In 1741 the Great Awakening preacher Jonathan Edwards delivered a famous sermon called “Sinners in the Hands of an Angry God,” first in Northampton, Massachusetts and later in Enfield, Connecticut. As the title indicates, his purpose is to warn his listeners of their prospects for either salvation or damnation. As you closely read the excerpt, look for words that evoke visions of pain and suffering, and that seem intended to compel a sinner to take stock and repent.

Note that Edwards is practicing the art of rhetoric, or of choosing the right words and phrases to persuade a listener or reader to accept a given perspective and to act and respond in ways the speaker wishes to endorse. What does Edwards think is at stake in his effort to persuade, and why does this matter? What happens if one does or does not accept his reasoning? 

These paragraphs are taken from the section of Edwards’ sermon called the application, where hearers are called to take action. We should expect the speaker’s efforts at persuasion to come into sharp focus here as previous appeals are brought together and restated or emphasized anew. 

Sinners in the Hands of an Angry God

That world of misery, that lake of burning brimstone is extended abroad under you. There is the dreadful pit of the glowing flames of the wrath of God; there is hell’s wide gaping mouth open; and you have nothing to stand upon, nor anything to take hold of: there is nothing between you and hell but the air; ’tis only the power and mere pleasure of God that holds you up.

You probably are not sensible of this; you find you are kept out of hell, but don’t see the hand of God in it, but look at other things, as the good state of your bodily constitution, your care of your own life, and the means you use for your own preservation. But indeed these things are nothing; if God should withdraw his hand, they would avail no more to keep you from falling, than the thin air to hold up a person that is suspended in it….

The God that holds you over the pit of hell, much as one holds a spider, or some loathsome insect, over the fire, abhors you, and is dreadfully provoked; his wrath towards you burns like fire; he looks upon you as worthy of nothing else, but to be cast into the fire; he is of purer eyes than to bear to have you in his sight; you are ten thousand times so abominable in his eyes as the most hateful venomous serpent is in ours. You have offended him infinitely more than ever a stubborn rebel did his prince: and yet ’tis nothing but his hand that holds you from falling into the fire every moment; ’tis to be ascribed to nothing else, that you did not go to hell the last night; that you was suffered to awake again in this world, after you closed your eyes to sleep: and there is no other reason to be given why you have not dropped into hell since you arose in the morning, but that God’s hand has held you up; there is no other reason to be given why you han’t gone to hell since you have sat here in the house of God, provoking his pure eyes by your sinful wicked manner of attending his solemn worship: yea, there is nothing else that is to be given as a reason why you don’t this very moment drop down into hell.

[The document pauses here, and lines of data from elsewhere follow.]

(* Let $(X,\mathcal{A},\mu)$ be a finite measure space and let $f\in L^1(X)$ be a nonnegative function. Then the set $S_f=\{Sf:\ S\in S\mathcal{D}(L^1(X))\}$ is relatively weakly compact in $L^1(X)$.
   Context: $S\mathcal{D}(L^1(X))$ denotes the set of semi-doubly stochastic operators on $L^1(X)$: positive linear operators $T:L^1(X)\to L^1(X)$ with $\int_X Tf\,d\mu=\int_X f\,d\mu$ for all $f\in L^1(X)$ and $\int_X T^*\chi_E\,d\mu\le\mu(E)$ for every $E\in\mathcal{A}$ with $\mu(E)<\infty$, where $T^*:L^\infty(X)\to L^\infty(X)$ is the Banach adjoint. *)

theory Defs
  imports "HOL-Analysis.Analysis"
begin

text \<open>Elements of L^1(X) are represented by integrable real functions; two
representatives are identified when they agree almost everywhere.  The weak
topology of L^1 is pulled back to representatives along the quotient map,
i.e. it is the initial topology for the functionals f \<mapsto> \<integral> f g, g \<in> L^\<infinity>.\<close>

definition Linf :: "'a measure \<Rightarrow> ('a \<Rightarrow> real) set" where
  "Linf M = {g \<in> borel_measurable M. \<exists>C. AE x in M. \<bar>g x\<bar> \<le> C}"

definition weak_L1_topology :: "'a measure \<Rightarrow> ('a \<Rightarrow> real) topology" where
  "weak_L1_topology M =
     pullback_topology {f. integrable M f}
       (\<lambda>f. restrict (\<lambda>g. LINT x|M. f x * g x) (Linf M))
       (product_topology (\<lambda>_. euclideanreal) (Linf M))"

definition relatively_compactin :: "'b topology \<Rightarrow> 'b set \<Rightarrow> bool" where
  "relatively_compactin T S \<longleftrightarrow> S \<subseteq> topspace T \<and> compactin T (T closure_of S)"

definition is_adjoint_image ::
  "'a measure \<Rightarrow> (('a \<Rightarrow> real) \<Rightarrow> ('a \<Rightarrow> real)) \<Rightarrow> ('a \<Rightarrow> real) \<Rightarrow> ('a \<Rightarrow> real) \<Rightarrow> bool" where
  "is_adjoint_image M T g h \<longleftrightarrow> h \<in> Linf M \<and>
     (\<forall>f. integrable M f \<longrightarrow> (LINT x|M. f x * h x) = (LINT x|M. T f x * g x))"

definition semi_doubly_stochastic ::
  "'a measure \<Rightarrow> (('a \<Rightarrow> real) \<Rightarrow> ('a \<Rightarrow> real)) \<Rightarrow> bool" where
  "semi_doubly_stochastic M T \<longleftrightarrow>
     (\<forall>f. integrable M f \<longrightarrow> integrable M (T f)) \<and>
     (\<forall>f g. integrable M f \<longrightarrow> integrable M g \<longrightarrow> (AE x in M. f x = g x) \<longrightarrow>
            (AE x in M. T f x = T g x)) \<and>
     (\<forall>f g a b. integrable M f \<longrightarrow> integrable M g \<longrightarrow>
            (AE x in M. T (\<lambda>y. a * f y + b * g y) x = a * T f x + b * T g x)) \<and>
     (\<forall>f. integrable M f \<longrightarrow> (AE x in M. 0 \<le> f x) \<longrightarrow> (AE x in M. 0 \<le> T f x)) \<and>
     (\<forall>f. integrable M f \<longrightarrow> (LINT x|M. T f x) = (LINT x|M. f x)) \<and>
     (\<forall>E \<in> sets M. emeasure M E < \<infinity> \<longrightarrow>
        (\<exists>h. is_adjoint_image M T (indicator E) h \<and> (LINT x|M. h x) \<le> measure M E))"

end

theory Submission
  imports Defs
begin

text \<open>Identify u \<in> L^1 with the functional g \<mapsto> \<integral> u g on L^\<infinity>, so that the weak topology is
the pullback of the product topology on \<real>^(L^\<infinity>). Every S f is nonnegative with \<integral> S f = \<integral> f,
and the adjoint bound \<integral> S^* 1_E \<le> \<mu>(E) gives the uniform estimate
\<integral>_E S f \<le> \<integral>_{f>N} f + N \<mu>(E). Bounded linear functionals satisfying this estimate on
indicators form a closed subset of a Tychonoff box, hence a compact set, and each of them is again
given by an integrable density: the estimate makes E \<mapsto> \<phi>(1_E) countably additive and
absolutely continuous, Radon-Nikodym supplies the density, and step functions are uniformly dense
in L^\<infinity>.\<close>

lemma Linf_const: "(\<lambda>_. c) \<in> Linf M"
  unfolding Linf_def by auto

O sinner! Consider the fearful danger you are in: ’tis a great furnace of wrath, a wide and bottomless pit, full of the fire of wrath, that you are held over in the hand of that God, whose wrath is provoked and incensed as much against you as against many of the damned in hell; you hang by a slender thread, with the flames of divine wrath flashing about it, and ready every moment to singe it, and burn it asunder; and you have no interest in any mediator, and nothing to lay hold of to save yourself, nothing to keep off the flames of wrath, nothing of your own, nothing that you ever have done, nothing that you can do, to induce God to spare you one moment…

And now you have an extraordinary opportunity, a day wherein Christ has flung the door of mercy wide open, and stands in the door calling and crying with a loud voice to poor sinners; a day wherein many are flocking to him, and pressing into the kingdom of God […] And you children that are unconverted, don’t you know that you are going down to hell, to bear the dreadful wrath of that God that is now angry with you every day, and every night? Will you be content to be the children of the devil, when so many other children in the land are converted, and are become the holy and happy children of the King of kings?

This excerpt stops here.